Le Musée numérique ©Micro-Folie de Sevran

Le rôle salvateur des Micro-folies

Le Louvre, le Centre Pompidou, le Musée des Arts Modernes… Le cœur historique de la capitale regroupe en son sein quelques-uns des plus grands musées du pays, si ce n’est du monde. Pourtant, le numérique peine à s’installer au centre de Paris. Certes, l’Atelier des Lumières se cache dans le 11ème arrondissement – plus connu pour ses bars branchés que pour ses institutions culturelles -, et le Grand Palais Immersif se visite du côté de la place de la Bastille. Mais l’expérimentation, elle, prend sa source ailleurs. En 2017, un nouveau dispositif voit le jour : l’installation des Micro-folies, des dispositifs culturels innovants et immersifs soutenus par l’État et le Ministère de la Culture, déjà implantés dans plus de vingt communes d’Île-de-France. Avec comme seules contraintes de devoir composer avec un espace de 40 à 60 m² et un budget de 40 000 €, les communes françaises sont de plus en plus nombreuses à miser sur ces mini-musées numériques afin de dynamiser des territoires jusqu’alors exclus des programmations culturelles.

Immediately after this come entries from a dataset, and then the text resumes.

definition closed_csubspace :: "'a::chilbert set \<Rightarrow> bool" where
  "closed_csubspace S \<longleftrightarrow> 0 \<in> S \<and> (\<forall>x\<in>S. \<forall>y\<in>S. x + y \<in> S)
     \<and> (\<forall>c. \<forall>x\<in>S. scaleC c x \<in> S) \<and> closed S"

definition subspaces_L :: "'a::chilbert set set" where
  "subspaces_L = {S. closed_csubspace S}"

definition proj :: "'a::chilbert set \<Rightarrow> 'a \<Rightarrow> 'a" where
  "proj S \<psi> = (THE y. y \<in> S \<and> (\<forall>z\<in>S. cinner z (\<psi> - y) = 0))"

definition ray :: "'a::chilbert \<Rightarrow> 'a set" where
  "ray \<psi> = {scaleC c \<psi> | c. True}"

definition rays_P :: "'a::chilbert set set" where
  "rays_P = {ray \<psi> | \<psi>. \<psi> \<noteq> 0}"

text \<open>Evaluation \<open>e([\<psi>],S) = \<parallel>P_S \<psi>\<parallel>\<^sup>2 / \<parallel>\<psi>\<parallel>\<^sup>2\<close>, computed with a nonzero
representative of the ray (independent of the choice).\<close>
definition rep :: "'a::chilbert set \<Rightarrow> 'a" where
  "rep r = (SOME \<psi>. \<psi> \<in> r \<and> \<psi> \<noteq> 0)"

definition ebar :: "'a::chilbert set \<Rightarrow> 'a set \<Rightarrow> real" where
  "ebar r S = (norm (proj S (rep r)))\<^sup>2 / (norm (rep r))\<^sup>2"

definition chu_morphism ::
  "'x set \<Rightarrow> 'a set \<Rightarrow> ('x \<Rightarrow> 'a \<Rightarrow> real) \<Rightarrow> 'y set \<Rightarrow> 'b set \<Rightarrow> ('y \<Rightarrow> 'b \<Rightarrow> real)
   \<Rightarrow> ('x \<Rightarrow> 'y) \<Rightarrow> ('b \<Rightarrow> 'a) \<Rightarrow> bool" where
  "chu_morphism X A e X' A' e' fs fa \<longleftrightarrow>
     (\<forall>x\<in>X. fs x \<in> X') \<and> (\<forall>a'\<in>A'. fa a' \<in> A) \<and>
     (\<forall>x\<in>X. \<forall>a'\<in>A'. e x (fa a') = e' (fs x) a')"

definition rays_orth :: "'a::chilbert set \<Rightarrow> 'a set \<Rightarrow> bool" where
  "rays_orth r s \<longleftrightarrow> (\<forall>u\<in>r. \<forall>v\<in>s. cinner u v = 0)"

end

theory Submission imports Defs begin

text \<open>Put \<open>A = f\<^sup>*(f\<^sub>*[\<psi>])\<close>. For a ray \<open>r\<close> and a closed subspace \<open>S\<close>, \<open>e(r,S) = 1\<close> iff \<open>r \<subseteq> S\<close> and \<open>e(r,S) = 0\<close> iff \<open>r \<perp> S\<close>. The Chu
condition therefore says that \<open>[x] \<subseteq> A\<close> iff \<open>f\<^sub>*[x] = f\<^sub>*[\<psi>]\<close>, so by injectivity
\<open>A = [\<psi>]\<close>. Applying the Chu condition once more,
\<open>\<phi> \<perp> \<psi> \<longleftrightarrow> e([\<phi>],A) = 0 \<longleftrightarrow> e(f\<^sub>*[\<phi>], f\<^sub>*[\<psi>]) = 0 \<longleftrightarrow> f\<^sub>*[\<phi>] \<perp> f\<^sub>*[\<psi>]\<close>.
The only analytic input is the existence of orthogonal projections, obtained from
nearest points via the parallelogram law and completeness.\<close>

section \<open>Algebra of complex Hilbert spaces\<close>

lemma scaleC_zero_left [simp]: "scaleC 0 (x::'a::chilbert) = 0"
  using scaleC_of_real[of 0 x] by simp
lemma has_vector_derivative_comp_curve_through:
  assumes "curve_through M x \<gamma>" "(G has_derivative G') (at x)"
  shows "((G \<circ> \<gamma>) has_vector_derivative G' (vector_derivative \<gamma> (at 0))) (at 0)"
proof -
  have "\<gamma> 0 = x"
    using assms(1) by (simp add: curve_through_def)
  then have "(G has_derivative G') (at (\<gamma> 0) within range \<gamma>)"
    using assms(2) by (simp add: has_derivative_at_withinI)
  then show ?thesis
    by (rule vector_derivative_diff_chain_within[OF curve_through_has_vector_derivative[OF assms(1)]])
qed

lemma vector_derivative_comp_curve_through:
  assumes "curve_through M x \<gamma>" "open W" "x \<in> W"
    and "(G has_derivative G') (at x)" "\<forall>y\<in>M \<inter> W. G y = g y"
  shows "vector_derivative (g \<circ> \<gamma>) (at 0) = G' (vector_derivative \<gamma> (at 0))"
proof -
  have ev: "eventually (\<lambda>s. s \<in> UNIV \<longrightarrow> (G \<circ> \<gamma>) s = (g \<circ> \<gamma>) s) (nhds 0)"
    using curve_through_eventually_in[OF assms(1-3)] by eventually_elim (use assms(5) in auto)
  have "((G \<circ> \<gamma>) has_vector_derivative G' (vector_derivative \<gamma> (at 0))) (at 0)"
    using assms(1,4) by (rule has_vector_derivative_comp_curve_through)
  then have "((g \<circ> \<gamma>) has_vector_derivative G' (vector_derivative \<gamma> (at 0))) (at 0)"
    using has_vector_derivative_cong_ev[OF ev] eventually_nhds_x_imp_x[OF ev] by (simp add: comp_def)
  then show ?thesis
    by (rule vector_derivative_at)
qed

lemma chart_derivative_velocity_in_subspace:
  fixes \<phi> :: "'a::euclidean_space \<Rightarrow> 'b::euclidean_space"
  assumes "curve_through M x \<gamma>" "open U" "x \<in> U"
    and "(\<phi> has_derivative \<phi>') (at x)" "\<phi> ` (M \<inter> U) \<subseteq> S" "subspace S"
  shows "\<phi>' (vector_derivative \<gamma> (at 0)) \<in> S"
proof (rule has_vector_derivative_in_subspace[where f = "\<phi> \<circ> \<gamma>"])
  show "((\<phi> \<circ> \<gamma>) has_vector_derivative \<phi>' (vector_derivative \<gamma> (at 0))) (at 0)"
    using assms(1,4) by (rule has_vector_derivative_comp_curve_through)
  show "eventually (\<lambda>s. (\<phi> \<circ> \<gamma>) s \<in> S) (nhds 0)"
    using curve_through_eventually_in[OF assms(1-3)] by eventually_elim (use assms(5) in auto)
qed (rule assms(6))
(* Assume the standing setup below with $0<T_2<T_1<1$ and $\sum_m mQ(m)>0$. Then: (i) for every $q\in[0,1]$ with $\psi(q)\in(0,1)$ (where $\psi<1$), $\psi$ is differentiable at $q$ with $\frac{d\psi}{dq}>0$; and (ii) $\frac{d\tilde\nu}{dq}<0$ for all $q\in[0,1]$. Here $q=\frac{1}{\langle k\rangle}\sum_{k\ge1}k\phi(k)P(k)$ for a training profile $\phi:\{1,2,\dots\}\to[0,1]$, so in particular for fixed $T_2$ the outbreak constraint $1-\psi\le\gamma$ is equivalent to a lower bound on the linear functional $\frac{1}{\langle k\rangle}\sum_k k\phi(k)P(k)$.
   Context: Standing setup. $P$ is a probability distribution on $\{0,1,\dots,k_{\max}\}$ with mean $\langle k\rangle=\sum_k kP(k)>0$; $Q(k)=(k+1)P(k+1)/\langle k\rangle$ for $k\ge0$. Fix $T_1,T_2\in(0,1)$. For $q\in[0,1]$ set $P_q(k_1,k_2)=\binom{k_1+k_2}{k_2}q^{k_2}(1-q)^{k_1}P(k_1+k_2)$ and $Q_q(k_1,k_2)=\binom{k_1+k_2}{k_2}q^{k_2}(1-q)^{k_1}Q(k_1+k_2)$ (with $0^0=1$). Define $\tilde\nu(q)=T_1\sum_{k_1,k_2}k_1Q_q(k_1,k_2)+T_2\sum_{k_1,k_2}k_2Q_q(k_1,k_2)$. For $u\in[0,1]$ let $F_q(u)=\sum_{k_1,k_2}(1+(u-1)T_1)^{k_1}(1+(u-1)T_2)^{k_2}Q_q(k_1,k_2)$ and $G_q(u)=\sum_{k_1,k_2}(1+(u-1)T_1)^{k_1}(1+(u-1)T_2)^{k_2}P_q(k_1,k_2)$. Let $u^*(q)$ be the smallest solution in $[0,1]$ of $u=F_q(u)$ and $\psi(q)=G_q(u^*(q))$. *)

theory Defs
  imports "HOL-Analysis.Analysis"
begin

text \<open>P is a degree distribution on {0..kmax}, given as a function nat => real
  (with P k = 0 for k > kmax). All double sums over (k1,k2) range over
  {..kmax} x {..kmax}, which contains the whole (finite) support.\<close>

definition meandeg :: "(nat \<Rightarrow> real) \<Rightarrow> nat \<Rightarrow> real" where
  "meandeg P kmax = (\<Sum>k\<le>kmax. real k * P k)"

definition Qd :: "(nat \<Rightarrow> real) \<Rightarrow> nat \<Rightarrow> nat \<Rightarrow> real" where
  "Qd P kmax k = real (k + 1) * P (k + 1) / meandeg P kmax"

definition Pq :: "(nat \<Rightarrow> real) \<Rightarrow> real \<Rightarrow> nat \<Rightarrow> nat \<Rightarrow> real" where
  "Pq P q k1 k2 = real ((k1 + k2) choose k2) * q ^ k2 * (1 - q) ^ k1 * P (k1 + k2)"

definition Qq :: "(nat \<Rightarrow> real) \<Rightarrow> nat \<Rightarrow> real \<Rightarrow> nat \<Rightarrow> nat \<Rightarrow> real" where
  "Qq P kmax q k1 k2 = real ((k1 + k2) choose k2) * q ^ k2 * (1 - q) ^ k1 * Qd P kmax (k1 + k2)"

definition nu_tilde :: "(nat \<Rightarrow> real) \<Rightarrow> nat \<Rightarrow> real \<Rightarrow> real \<Rightarrow> real \<Rightarrow> real" where
  "nu_tilde P kmax T1 T2 q =
     T1 * (\<Sum>k1\<le>kmax. \<Sum>k2\<le>kmax. real k1 * Qq P kmax q k1 k2)
   + T2 * (\<Sum>k1\<le>kmax. \<Sum>k2\<le>kmax. real k2 * Qq P kmax q k1 k2)"

definition Fq :: "(nat \<Rightarrow> real) \<Rightarrow> nat \<Rightarrow> real \<Rightarrow> real \<Rightarrow> real \<Rightarrow> real \<Rightarrow> real" where
  "Fq P kmax T1 T2 q u =
     (\<Sum>k1\<le>kmax. \<Sum>k2\<le>kmax. (1 + (u - 1) * T1) ^ k1 * (1 + (u - 1) * T2) ^ k2 * Qq P kmax q k1 k2)"

definition Gq :: "(nat \<Rightarrow> real) \<Rightarrow> nat \<Rightarrow> real \<Rightarrow> real \<Rightarrow> real \<Rightarrow> real \<Rightarrow> real" where
  "Gq P kmax T1 T2 q u =
     (\<Sum>k1\<le>kmax. \<Sum>k2\<le>kmax. (1 + (u - 1) * T1) ^ k1 * (1 + (u - 1) * T2) ^ k2 * Pq P q k1 k2)"

definition ustar :: "(nat \<Rightarrow> real) \<Rightarrow> nat \<Rightarrow> real \<Rightarrow> real \<Rightarrow> real \<Rightarrow> real" where
  "ustar P kmax T1 T2 q = Inf {u \<in> {0..1}. u = Fq P kmax T1 T2 q u}"

definition psi :: "(nat \<Rightarrow> real) \<Rightarrow> nat \<Rightarrow> real \<Rightarrow> real \<Rightarrow> real \<Rightarrow> real" where
  "psi P kmax T1 T2 q = Gq P kmax T1 T2 q (ustar P kmax T1 T2 q)"

end

theory Submission
  imports Defs "HOL-Complex_Analysis.Conformal_Mappings"
begin

(* Splitting each edge into a type-1 (untrained, transmissibility T1) or
   type-2 (trained, transmissibility T2) edge with probabilities 1-q and q and summing
   over the split by the binomial theorem, the bivariate generating functions collapse
   to the univariate ones, F0 x = sum Q k x^k and G0 x = sum P k x^k, evaluated at
   1 + (u-1) T(q), where T(q) = (1-q) T1 + q T2 is the effective transmissibility.
   Likewise nu_tilde(q) = T(q) * sum m Q(m), which gives part (ii) since T' = T2-T1 < 0.
   For part (i), psi(q) = N(T(q)) where N(T) is the probability that a node avoids the
   outbreak at transmissibility T.  Writing s = (1-u) T, a fixed point u < 1 of
   u = F0(1 + (u-1)T) is the same as a solution of T R(s) = 1, where
   R(s) = (1 - F0(1-s))/s is strictly decreasing as soon as some Q k > 0 with k >= 2.
   Hence near a transmissibility with N(T) < 1 we have N(T) = G0(1 - R^-1(1/T)), and
   the inverse function theorem and the chain rule show N'(T) < 0.  Composing with
   the decreasing map q -> T(q) gives psi'(q) > 0.  The file first proves the binomial
   collapse, then develops F0, R and N in a locale for a degree distribution, and
   finally derives the theorem. *)

section \<open>Binomial collapse of double sums\<close>

lemma sum_box_by_total_degree:
  fixes f :: "nat \<Rightarrow> nat \<Rightarrow> real"
  assumes "\<And>i j. n < i + j \<Longrightarrow> f i j = 0"
  shows "(\<Sum>i\<le>n. \<Sum>j\<le>n. f i j) = (\<Sum>k\<le>n. \<Sum>i\<le>k. f i (k - i))"
proof -
  have "(\<Sum>i\<le>n. \<Sum>j\<le>n. f i j) = (\<Sum>(i,j)\<in>{..n}\<times>{..n}. f i j)"
    by (simp add: sum.cartesian_product)
  also have "\<dots> = (\<Sum>(i,j)\<in>{(i,j). i + j \<le> n}. f i j)"
    by (rule sum.mono_neutral_right) (use assms in \<open>auto simp: not_le[symmetric]\<close>)
  also have "\<dots> = (\<Sum>k\<le>n. \<Sum>i\<le>k. f i (k - i))"
    by (rule sum.triangle_reindex_eq)
  finally show ?thesis .
qed

lemma binomial_collapse:
  fixes c :: "nat \<Rightarrow> real" and a b :: real
  assumes "\<And>k. n < k \<Longrightarrow> c k = 0"
  shows "(\<Sum>k1\<le>n. \<Sum>k2\<le>n. real ((k1 + k2) choose k2) * a^k1 * b^k2 * c (k1 + k2))
       = (\<Sum>k\<le>n. c k * (a + b)^k)"
proof -
  have "(\<Sum>k1\<le>n. \<Sum>k2\<le>n. real ((k1 + k2) choose k2) * a^k1 * b^k2 * c (k1 + k2))
      = (\<Sum>k\<le>n. \<Sum>i\<le>k. real ((i + (k - i)) choose (k - i)) * a^i * b^(k - i) * c (i + (k - i)))"
    by (rule sum_box_by_total_degree) (use assms in auto)
  also have "\<dots> = (\<Sum>k\<le>n. c k * (\<Sum>i\<le>k. real (k choose i) * a^i * b^(k - i)))"
    by (intro sum.cong refl)
      (auto simp: sum_distrib_left binomial_symmetric[symmetric] intro!: sum.cong)
  also have "\<dots> = (\<Sum>k\<le>n. c k * (a + b)^k)"
    by (simp add: binomial_ring)
  finally show ?thesis .
qed

lemma binomial_first_moment:
  fixes a b :: real
  shows "(\<Sum>i\<le>k. real i * (real (k choose i) * a^i * b^(k - i))) = real k * a * (a + b)^(k - 1)"
proof (cases k)
  case 0
  then show ?thesis by simp
next
  case (Suc n)
  have absorb: "real (Suc i) * real (Suc n choose Suc i) = real (Suc n) * real (n choose i)" for i
    using Suc_times_binomial_eq[of n i] by (metis of_nat_mult mult.commute)
  have "(\<Sum>i\<le>Suc n. real i * (real (Suc n choose i) * a^i * b^(Suc n - i)))
      = (\<Sum>i\<le>n. (real (Suc i) * real (Suc n choose Suc i)) * a * (a^i * b^(n - i)))"
    by (subst sum.atMost_Suc_shift) (simp add: algebra_simps)
  also have "\<dots> = (\<Sum>i\<le>n. real (Suc n) * a * (real (n choose i) * a^i * b^(n - i)))"
    unfolding absorb by (simp add: algebra_simps)
  also have "\<dots> = real (Suc n) * a * (a + b)^n"
    by (simp add: binomial_ring sum_distrib_left)
  finally show ?thesis using Suc by simp
qed

text \<open>A fraction \<open>q\<close> of the edges are trained and transmit with probability \<open>T2\<close>,
  the others with probability \<open>T1\<close>.\<close>
definition eff_trans :: "real \<Rightarrow> real \<Rightarrow> real \<Rightarrow> real" where
  "eff_trans T1 T2 q = (1 - q) * T1 + q * T2"

lemma eff_trans_deriv: "(eff_trans T1 T2 has_real_derivative T2 - T1) (at q)"
  unfolding eff_trans_def by (auto intro!: derivative_eq_intros)

lemma eff_trans_bounds:
  assumes "0 < T1" "T1 < 1" "0 < T2" "T2 < 1" "0 \<le> q" "q \<le> 1"
  shows "0 < eff_trans T1 T2 q" "eff_trans T1 T2 q < 1"
proof -
  have "0 \<le> (1 - q) * T1" "0 \<le> q * T2" using assms by simp_all
  moreover have "0 < (1 - q) * T1 \<or> 0 < q * T2"
    using assms by (cases "q = 1") auto
  ultimately show "0 < eff_trans T1 T2 q" unfolding eff_trans_def by linarith
  have "(1 - q) * T1 \<le> 1 - q" "q * T2 \<le> q" using assms by (simp_all add: mult_left_le)
  moreover have "(1 - q) * T1 < 1 - q \<or> q * T2 < q"
    using assms by (cases "q = 1") auto
  ultimately show "eff_trans T1 T2 q < 1" unfolding eff_trans_def by linarith
qed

« Depuis l’ouverture de la Micro-Folie, sur les 350 enfants [du collège voisin] ­accueillis, pas un n’était allé au­paravant dans un musée parisien », se félicite dans les colonnes du Monde le Président de l’Établissement public du parc et de la Grande Halle de la Villette (à l’origine du projet), Didier ­Fusillier, au sujet de la Micro-Folie de Sevran. Un constat cependant tempéré par l’ancien Président du Centre Pompidou, Serge Lavigne, qui souligne : « Les habitants des quartiers n’osent pas pousser la porte des musées. (…) Toucher des populations éloignées de l’art reste un défi : c’est pourquoi il faut multiplier les angles d’attaque. » 

Au Cube Garges, des œuvres sont exposées au sein du parcours d'exposition.
©Le Cube Garges

Le numérique, un composant de l’identité de territoires vierges ?

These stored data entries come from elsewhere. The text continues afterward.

definition antichains :: "'a set \<Rightarrow> ('a \<Rightarrow> 'a \<Rightarrow> bool) \<Rightarrow> nat \<Rightarrow> 'a set set" where
  "antichains P le k = {A. A \<subseteq> P \<and> card A = k \<and>
      (\<forall>x\<in>A. \<forall>y\<in>A. x \<noteq> y \<longrightarrow> \<not> le x y)}"

definition antichain_step :: "'a set \<Rightarrow> ('a \<Rightarrow> 'a \<Rightarrow> bool) \<Rightarrow> nat \<Rightarrow> 'a set \<Rightarrow> 'a set \<Rightarrow> bool" where
  "antichain_step P le k A B \<longleftrightarrow> A \<in> antichains P le k \<and> B \<in> antichains P le k \<and>
      (\<exists>x y. A - B = {x} \<and> B - A = {y} \<and> le x y \<and> x \<noteq> y)"

definition antichain_le :: "'a set \<Rightarrow> ('a \<Rightarrow> 'a \<Rightarrow> bool) \<Rightarrow> nat \<Rightarrow> 'a set \<Rightarrow> 'a set \<Rightarrow> bool" where
  "antichain_le P le k = (antichain_step P le k)\<^sup>*\<^sup>*"

definition prod_le :: "nat \<times> nat \<Rightarrow> nat \<times> nat \<Rightarrow> bool" where
  "prod_le p q \<longleftrightarrow> fst p \<le> fst q \<and> snd p \<le> snd q"

definition grid :: "nat \<Rightarrow> nat \<Rightarrow> (nat \<times> nat) set" where
  "grid a b = {1..a} \<times> {1..b}"

text \<open>\<Z>_+^2 is modelled as pairs of positive naturals.\<close>
definition posquad :: "(nat \<times> nat) set" where
  "posquad = {p. fst p \<ge> 1 \<and> snd p \<ge> 1}"

definition ferrers :: "(nat \<times> nat) set \<Rightarrow> bool" where
  "ferrers D \<longleftrightarrow> finite D \<and> D \<subseteq> posquad \<and>
     (\<forall>x\<in>D. \<forall>y\<in>posquad. prod_le y x \<longrightarrow> y \<in> D)"

definition durfee :: "(nat \<times> nat) set \<Rightarrow> nat" where
  "durfee D = (GREATEST k. {1..k} \<times> {1..k} \<subseteq> D)"

definition ferrers_durfee :: "nat \<Rightarrow> nat \<Rightarrow> nat \<Rightarrow> (nat \<times> nat) set set" where
  "ferrers_durfee k a b = {D. ferrers D \<and> durfee D = k \<and> D \<subseteq> grid a b}"

end

(* An antichain A of size k in [a] x [b] is strictly decreasing, so it is determined by the sets
   of first and of second coordinates it occupies, hence by the counting functions
   c1 t = #{z in A. t <= fst z} and c2 t = #{z in A. t <= snd z}.  Its diagram consists of the
   cells (t + q - 1, q), 1 <= q <= c1 t, of the diagonals t >= 1 in the first k rows, together
   with their mirror images taken with c2.  As c1 and c2 start at k and drop by at most one per
   step, this is a Ferrers diagram with Durfee square k x k, and the diagonal lengths recover c1
   and c2, so the map is injective.  A covering step replaces an element by a larger one and can
   only increase c1 and c2, so the map is monotone.  Conversely, if the diagram of A lies strictly
   inside a Ferrers diagram D of Durfee length k, some diagonal of D is longer than that of A,
   and moving a suitable element of A one column to the right (or one row up) lengthens exactly
   this diagonal by one cell while staying inside D.  Climbing in this way from A reaches an
   antichain with diagram D: from the antidiagonal, whose diagram is the square, this gives
   surjectivity, and from A with D the diagram of B it gives A <=_k B. *)

theory Submission
  imports Defs
begin

section \<open>Counting functions\<close>

definition count_ge :: "('a \<Rightarrow> nat) \<Rightarrow> 'a set \<Rightarrow> nat \<Rightarrow> nat" where
  "count_ge f A t = card {z \<in> A. t \<le> f z}"

lemma count_ge_le_card: "finite A \<Longrightarrow> count_ge f A t \<le> card A"
  unfolding count_ge_def by (rule card_mono) auto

Ouvert fin janvier 2023 en plein cœur de Garges-lès-Gonesse, le Cube Garges affiche de son côté une ambition claire : « investir le numérique d’imaginaires qui ne soient pas des imaginaires dominants », comme nous le confiait Clément Thibault, directeur des arts visuels et numériques de la structure. Alors que Paris mise sur le patrimoine, sa banlieue, elle, prend la direction de l’innovation. Ici, la jeunesse prime et les idées fusent. Au Cube Garges, les équipes (âgée d’une petite trentaine d’années en moyenne) ne chôment pas : 500 ateliers d’éducation numérique, 450 ateliers hors-les-murs dans des établissements scolaires, 40 spectacles, 300 séances de cinéma, ainsi que quatre expositions et installations… Le programme annuel donne le tournis !

SergeLavigne
« Toucher des populations éloignées de l’art reste un défi : c’est pourquoi il faut multiplier les angles d’attaque.  »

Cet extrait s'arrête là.